A. Western blots of cortical homogenate were probed with 6E10 and Y188 to measure the expression of transgenic and total APP. B. Campbell-Switzer silver stain was used to detect amyloid pathology in Aβ+ mice with and without htau. Scale bar, 500 μm. C. Semi-quantitative analysis of 6E10 and Y188 Western blots shown in A. D. Image analysis of silver stains shown in B, displayed as percent area occupied by amyloid staining.
Aβ aggregation does not significantly alter phosphorylation of wild-type human tau
We next examined whether Aβ aggregation, driven by the overexpression of mutant APP, would be sufficient to accelerate the hyper-phosphorylation of wild-type human tau. We tested a series of phospho-specific tau epitopes, both biochemically on Western blot and histologically in fixed tissue sections. We included tissue from rTg4510 mice expressing high levels of human tau P301L as a positive control for these experiments [7, 28]. rTg4510 mice were harvested at 5 months of age when they harbor substantial tau hyper-phosphorylation and frank neurofibrillary tangles. Our first experiments used a multi-step extraction protocol to separate tau into soluble and sarkosyl-insoluble fractions. Because this extraction differs from the standard RIPA buffer used for APP detection above, our tau analyses focused on the remaining samples. We first examined the extent of tau phosphorylation in the soluble fraction using three well-characterized antibodies: AT8, AT270, and PHF1. We found no difference in the levels of total human tau, and no change in the degree of phosphorylation at serine 202/threonine 205 or serines 396/404. There was a small but significant increase in phosphorylation at threonine 181 in amyloid-bearing htau mice, but altogether, negligible impact of Aβ accumulation on the phosphorylation of cytosolic tau protein (Fig 5A and 5B).

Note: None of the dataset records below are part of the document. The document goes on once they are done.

lemma abs_powr_small_near_boundary:
  assumes "t \<ge> 0" and "\<epsilon> > 0"
  obtains \<rho> where "\<rho> > 0"
    and "\<And>s z. s \<in> {0..t} \<Longrightarrow> z \<in> {0..1} \<Longrightarrow> z < \<rho> \<or> 1 - z < \<rho> \<Longrightarrow> \<bar>x s z\<bar> powr p < \<epsilon>"
proof -
  define S where "S = {0..t} \<times> {0..(1::real)}"
  have "uniformly_continuous_on S (\<lambda>(s, z). \<bar>x s z\<bar> powr p)"
    unfolding S_def by (intro compact_uniformly_continuous continuous_on_abs_powr compact_Times) auto
  then obtain \<rho> where "\<rho> > 0" and uc: "\<And>w w'. w \<in> S \<Longrightarrow> w' \<in> S \<Longrightarrow> dist w' w < \<rho> \<Longrightarrow>
      dist ((\<lambda>(s, z). \<bar>x s z\<bar> powr p) w') ((\<lambda>(s, z). \<bar>x s z\<bar> powr p) w) < \<epsilon>"
    unfolding uniformly_continuous_on_def using assms(2) by metis
  show ?thesis
  proof (rule that[OF \<open>\<rho> > 0\<close>])
    fix s z assume s: "s \<in> {0..t}" and z: "z \<in> {0..1}" and near: "z < \<rho> \<or> 1 - z < \<rho>"
    obtain e where e: "e \<in> {0, 1}" "dist (s, z) (s, e) < \<rho>"
      using near
    proof (elim disjE)
      assume "z < \<rho>"
      then show ?thesis using that[of 0] z by (simp add: dist_Pair_Pair dist_real_def)
    next
      assume "1 - z < \<rho>"
      then show ?thesis using that[of 1] z by (simp add: dist_Pair_Pair dist_real_def)
    qed
    have "x s e = 0" using bc s e(1) by auto
    then show "\<bar>x s z\<bar> powr p < \<epsilon>"
      using uc[of "(s, e)" "(s, z)"] s z e by (auto simp: S_def dist_real_def)
  qed
qed

lemma energy_nonneg: "s \<ge> 0 \<Longrightarrow> 0 \<le> energy s"
  unfolding energy_def
  using integrable_abs_powr_slice[of s 0 1 "\<lambda>_. 1"] by (intro integral_nonneg) auto

definition decay_rate :: "real \<Rightarrow> real" where
  "decay_rate k = a * (4 * (p - 1) / p) * k\<^sup>2"

definition weighted_energy :: "real \<Rightarrow> real \<Rightarrow> real \<Rightarrow> real" where
  "weighted_energy \<delta> \<eta> s = integral {\<delta>..1 - \<delta>} (\<lambda>z. trapezoid \<delta> (1 - \<delta>) \<eta> z * \<bar>x s z\<bar> powr p)"

lemma weighted_energy_between:
  assumes \<delta>: "0 < \<delta>" and \<eta>: "0 < \<eta>" and gap: "\<delta> + 2 * \<eta> \<le> 1 - \<delta>" and s: "s \<ge> 0"
  shows "integral {\<delta> + \<eta>..1 - \<delta> - \<eta>} (\<lambda>z. \<bar>x s z\<bar> powr p) \<le> weighted_energy \<delta> \<eta> s"
    and "weighted_energy \<delta> \<eta> s \<le> integral {\<delta>..1 - \<delta>} (\<lambda>z. \<bar>x s z\<bar> powr p)"
proof -
  define T where "T = trapezoid \<delta> (1 - \<delta>) \<eta>"
  have Tu_int: "(\<lambda>z. T z * \<bar>x s z\<bar> powr p) integrable_on {\<delta>..1 - \<delta>}"
    unfolding T_def using \<delta> gap by (intro integrable_abs_powr_slice s continuous_on_trapezoid) auto
  have T_bounds: "0 \<le> T z" "T z \<le> 1" if "z \<in> {\<delta>..1 - \<delta>}" for z
    using trapezoid_bounds[OF \<eta> that] by (simp_all add: T_def)
  have "integral {\<delta> + \<eta>..1 - \<delta> - \<eta>} (\<lambda>z. \<bar>x s z\<bar> powr p)
      = integral {\<delta> + \<eta>..1 - \<delta> - \<eta>} (\<lambda>z. T z * \<bar>x s z\<bar> powr p)"
    using trapezoid_eq(2)[OF \<eta> gap] by (intro integral_cong) (simp add: T_def)
  also have "\<dots> \<le> weighted_energy \<delta> \<eta> s"
    unfolding weighted_energy_def T_def[symmetric] using \<eta> T_bounds
    by (intro integral_subset_le Tu_int integrable_subinterval_real[OF Tu_int]) auto
  finally show "integral {\<delta> + \<eta>..1 - \<delta> - \<eta>} (\<lambda>z. \<bar>x s z\<bar> powr p) \<le> weighted_energy \<delta> \<eta> s" .
  show "weighted_energy \<delta> \<eta> s \<le> integral {\<delta>..1 - \<delta>} (\<lambda>z. \<bar>x s z\<bar> powr p)"
    unfolding weighted_energy_def T_def[symmetric] using \<delta> gap T_bounds
    by (intro integral_le Tu_int integrable_abs_powr_slice[OF s, of _ _ "\<lambda>_. 1", simplified])
      (auto intro: mult_left_le_one_le)
qed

Levels of total and phospho-tau were assessed by Western blot using AT8, AT270, and PHF1 antibodies. A. Representative Western blots of the soluble fraction from cortical homogenates. B. Semi-quantitative measurement of signal intensity from immunoblots for each phospho-epitope. Only phospho-threonine 181 showed a slight increase in the presence of amyloid. C. No sarkosyl-insoluble tau was detected in htau+ mice at this age with any antibody tested. Blots probed with PHF1 and AT270 are shown as representative examples. Homogenate prepared from a 5 month old rTg4510 mouse served as a positive control tissue for all blots.
We then examined the same panel of tau antibodies with the sarkosyl-insoluble fraction. While the positive control rTg4510 tissue contained intense signal from all four antibodies, neither group of htau animals displayed any fibrillar tau. The results from two of the antibodies, PHF1 and AT270, are shown in Fig 5C.
Despite the lack of insoluble tau on Western blots, we were optimistic that immunohistochemistry on fixed tissue sections might provide a more sensitive means of detecting hyper-phosphorylated tau described in the humanized tau model . We selected two tau antibodies that showed particularly strong signal in the positive control rTg4510 mice: AT8 and MC1. Despite robust signal in the rTg4510 tissue, we detected no immunostaining with either antibody in htau transgenic animals regardless of their amyloid status (Fig 6A and 6B).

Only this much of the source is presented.